***** Provided data *****
(* Let $f(x,y)=x^2y$. Let $t>0$ and let $I=[a,a+3t]$ and $J=[b,b+3t]$ be intervals contained in $[\tfrac23,1]$. Then \[ f(I,J) = f(\ddot I,\ddot J), \] where $\ddot I = [a,a+t]\cup[a+2t,a+3t]$ and $\ddot J=[b,b+t]\cup[b+2t,b+3t]$.
   Context: For sets $A,B\subset\mathbb{R}$, $f(A,B)=\{f(x,y):x\in A, y\in B\}$. *)

theory Defs
  imports Complex_Main
begin

definition image2 :: "(real \<Rightarrow> real \<Rightarrow> real) \<Rightarrow> real set \<Rightarrow> real set \<Rightarrow> real set" where
  "image2 f A B = {f x y | x y. x \<in> A \<and> y \<in> B}"

end

theory Submission
  imports Defs
begin

text \<open>On a box \<open>[x\<^sub>1,x\<^sub>2] \<times> [y\<^sub>1,y\<^sub>2]\<close> of positive reals, \<open>x\<^sup>2y\<close> attains every value between
  \<open>x\<^sub>1\<^sup>2y\<^sub>1\<close> and \<open>x\<^sub>2\<^sup>2y\<^sub>2\<close>, so the image of the box is an interval. Cutting the middle thirds
  out of \<open>I\<close> and \<open>J\<close> leaves four boxes whose image intervals, ordered suitably, overlap
  consecutively; for \<open>I, J \<subseteq> [2/3, 1]\<close> this reduces to three polynomial inequalities, and
  the union of the four intervals is then the whole image interval of \<open>I \<times> J\<close>.\<close>

lemma image2_mono:
  assumes "A \<subseteq> A'" "B \<subseteq> B'"
  shows "image2 f A B \<subseteq> image2 f A' B'"
  using assms unfolding image2_def by blast

lemma image2_Un:
  "image2 f (A \<union> A') (B \<union> B') =
     image2 f A B \<union> image2 f A B' \<union> image2 f A' B \<union> image2 f A' B'"
  unfolding image2_def by blast

lemma x2y_attains_value_in_box:
  fixes x1 x2 y1 y2 v :: real
  assumes "0 < x1" "x1 \<le> x2" "0 < y1" "y1 \<le> y2" "x1^2 * y1 \<le> v" "v \<le> x2^2 * y2"
  obtains x y where "x \<in> {x1..x2}" "y \<in> {y1..y2}" "v = x^2 * y"
proof (cases "v \<le> x2^2 * y1")
  case True
  define x where "x = sqrt (v / y1)"
  have "x1^2 \<le> v / y1" "v / y1 \<le> x2^2"
    using assms True by (simp_all add: le_divide_eq divide_le_eq)
  then have "sqrt (x1^2) \<le> x" "x \<le> sqrt (x2^2)"
    unfolding x_def by (simp_all only: real_sqrt_le_mono)
  moreover have "x^2 = v / y1"
    unfolding x_def using \<open>x1^2 \<le> v / y1\<close> by (simp add: order_trans[OF zero_le_power2])
  ultimately show ?thesis
    using that[of x y1] assms by simp
next
  case False
  define y where "y = v / x2^2"
  have "x2^2 > 0"
    using assms by simp
  then have "y1 \<le> y" "y \<le> y2" "v = x2^2 * y"
    unfolding y_def using False assms by (simp_all add: le_divide_eq divide_le_eq mult.commute)
  then show ?thesis
    using that[of x2 y] assms by simp
qed

lemma image2_x2y_box:
  fixes x1 x2 y1 y2 :: real
  assumes "0 < x1" "x1 \<le> x2" "0 < y1" "y1 \<le> y2"
  shows "image2 (\<lambda>x y. x^2 * y) {x1..x2} {y1..y2} = {x1^2 * y1..x2^2 * y2}"
proof
  show "image2 (\<lambda>x y. x^2 * y) {x1..x2} {y1..y2} \<subseteq> {x1^2 * y1..x2^2 * y2}"
    unfolding image2_def using assms by (auto intro!: mult_mono power_mono)
  show "{x1^2 * y1..x2^2 * y2} \<subseteq> image2 (\<lambda>x y. x^2 * y) {x1..x2} {y1..y2}"
  proof
    fix v assume "v \<in> {x1^2 * y1..x2^2 * y2}"
    then obtain x y where "x \<in> {x1..x2}" "y \<in> {y1..y2}" "v = x^2 * y"
      by (auto intro: x2y_attains_value_in_box[OF assms])
    then show "v \<in> image2 (\<lambda>x y. x^2 * y) {x1..x2} {y1..y2}"
      unfolding image2_def by blast
  qed
qed

lemma interval_covered_by_overlapping_chain:
  fixes l1 l2 l3 l4 u1 u2 u3 u4 :: real
  assumes "l2 \<le> u1" "l3 \<le> u2" "l4 \<le> u3"
  shows "{l1..u4} \<subseteq> {l1..u1} \<union> {l2..u2} \<union> {l3..u3} \<union> {l4..u4}"
  using assms by auto

lemma x2y_overlap_1:
  fixes a b t :: real
  assumes "0 < t" "0 \<le> a" "a \<le> 2 * b"
  shows "a^2 * (b + 2*t) \<le> (a + t)^2 * (b + t)"
proof -
  have "(a + t)^2 * (b + t) - a^2 * (b + 2*t) = t * (a * (2*b - a) + t * (2*a + b + t))"
    by (simp add: algebra_simps power2_eq_square)
  moreover have "a * (2*b - a) + t * (2*a + b + t) \<ge> 0"
    using assms by simp
  ultimately show ?thesis
    using assms(1) by (metis diff_ge_0_iff_ge zero_le_mult_iff less_imp_le)
qed

lemma x2y_overlap_2:
  fixes a b t :: real
  assumes "0 < t" "0 \<le> a" "2 * b \<le> 3 * a" "b \<le> 2 * a"
  shows "(a + 2*t)^2 * b \<le> (a + t)^2 * (b + 3*t)"
proof -
  have "(a + t)^2 * (b + 3*t) - (a + 2*t)^2 * b = t * (a * (3*a - 2*b) + 3*t * (2*a + t - b))"
    by (simp add: algebra_simps power2_eq_square)
  moreover have "a * (3*a - 2*b) + 3*t * (2*a + t - b) \<ge> 0"
    using assms by simp
  ultimately show ?thesis
    using assms(1) by (metis diff_ge_0_iff_ge zero_le_mult_iff less_imp_le)
qed

text \<open>Only this overlap uses the full window \<open>[2/3, 1]\<close>: the negative term \<open>-2at\<close> is
  absorbed because \<open>a(2b - a) \<ge> 2/9\<close> while \<open>at \<le> 1/9\<close>.\<close>

lemma x2y_overlap_3:
  fixes a b t :: real
  assumes "0 < t" "2/3 \<le> a" "a + 3*t \<le> 1" "2/3 \<le> b" "b \<le> 1"
  shows "(a + 2*t)^2 * (b + 2*t) \<le> (a + 3*t)^2 * (b + t)"
proof -
  have "a * (2*b - a) \<ge> 2/3 * (1/3)"
    using assms by (intro mult_mono) auto
  moreover have "a * t \<le> 1 * (1/9)"
    using assms by (intro mult_mono) auto
  moreover have "b * t \<ge> 0"
    using assms by simp
  ultimately have "a * (2*b - a) - 2 * (a * t) + 5 * (b * t) + t^2 \<ge> 0"
    using zero_le_power2[of t] by linarith
  moreover have "(a + 3*t)^2 * (b + t) - (a + 2*t)^2 * (b + 2*t)
      = t * (a * (2*b - a) - 2 * (a * t) + 5 * (b * t) + t^2)"
    by (simp add: algebra_simps power2_eq_square)
  ultimately show ?thesis
    using assms(1) by (metis diff_ge_0_iff_ge zero_le_mult_iff less_imp_le)
qed

theorem lemma3p4:
  fixes a b t :: real
  assumes "t > 0"
    and "{a..a + 3*t} \<subseteq> {2/3..1}"
    and "{b..b + 3*t} \<subseteq> {2/3..1}"
  shows "image2 (\<lambda>x y. x^2 * y) {a..a + 3*t} {b..b + 3*t}
       = image2 (\<lambda>x y. x^2 * y) ({a..a + t} \<union> {a + 2*t..a + 3*t}) ({b..b + t} \<union> {b + 2*t..b + 3*t})"
    (is "?f {a..a + 3*t} {b..b + 3*t} = ?f ?I ?J")
proof
  have a: "2/3 \<le> a" "a + 3*t \<le> 1" and b: "2/3 \<le> b" "b + 3*t \<le> 1"
    using assms by auto
  show "?f ?I ?J \<subseteq> ?f {a..a + 3*t} {b..b + 3*t}"
    using assms(1) by (intro image2_mono) auto
  have "?f {a..a + 3*t} {b..b + 3*t} = {a^2 * b..(a + 3*t)^2 * (b + 3*t)}"
    using a b assms(1) by (intro image2_x2y_box) auto
  also have "\<dots> \<subseteq> {a^2 * b..(a + t)^2 * (b + t)} \<union> {a^2 * (b + 2*t)..(a + t)^2 * (b + 3*t)}
      \<union> {(a + 2*t)^2 * b..(a + 3*t)^2 * (b + t)}
      \<union> {(a + 2*t)^2 * (b + 2*t)..(a + 3*t)^2 * (b + 3*t)}"
    using a b assms(1)
    by (intro interval_covered_by_overlapping_chain x2y_overlap_1 x2y_overlap_2 x2y_overlap_3)
      auto
  also have "\<dots> = ?f ?I ?J"
    using a b assms(1) by (simp add: image2_Un image2_x2y_box)
  finally show "?f {a..a + 3*t} {b..b + 3*t} \<subseteq> ?f ?I ?J" .
qed

end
*****
**Task instructions**
Throughout the data above, report every line that contains the string "shows".

**Exercise output**
  shows "image2 f A B \<subseteq> image2 f A' B'"
  shows "image2 (\<lambda>x y. x^2 * y) {x1..x2} {y1..y2} = {x1^2 * y1..x2^2 * y2}"
  shows "{l1..u4} \<subseteq> {l1..u1} \<union> {l2..u2} \<union> {l3..u3} \<union> {l4..u4}"
  shows "a^2 * (b + 2*t) \<le> (a + t)^2 * (b + t)"
  shows "(a + 2*t)^2 * b \<le> (a + t)^2 * (b + 3*t)"
  shows "(a + 2*t)^2 * (b + 2*t) \<le> (a + 3*t)^2 * (b + t)"
  shows "image2 (\<lambda>x y. x^2 * y) {a..a + 3*t} {b..b + 3*t}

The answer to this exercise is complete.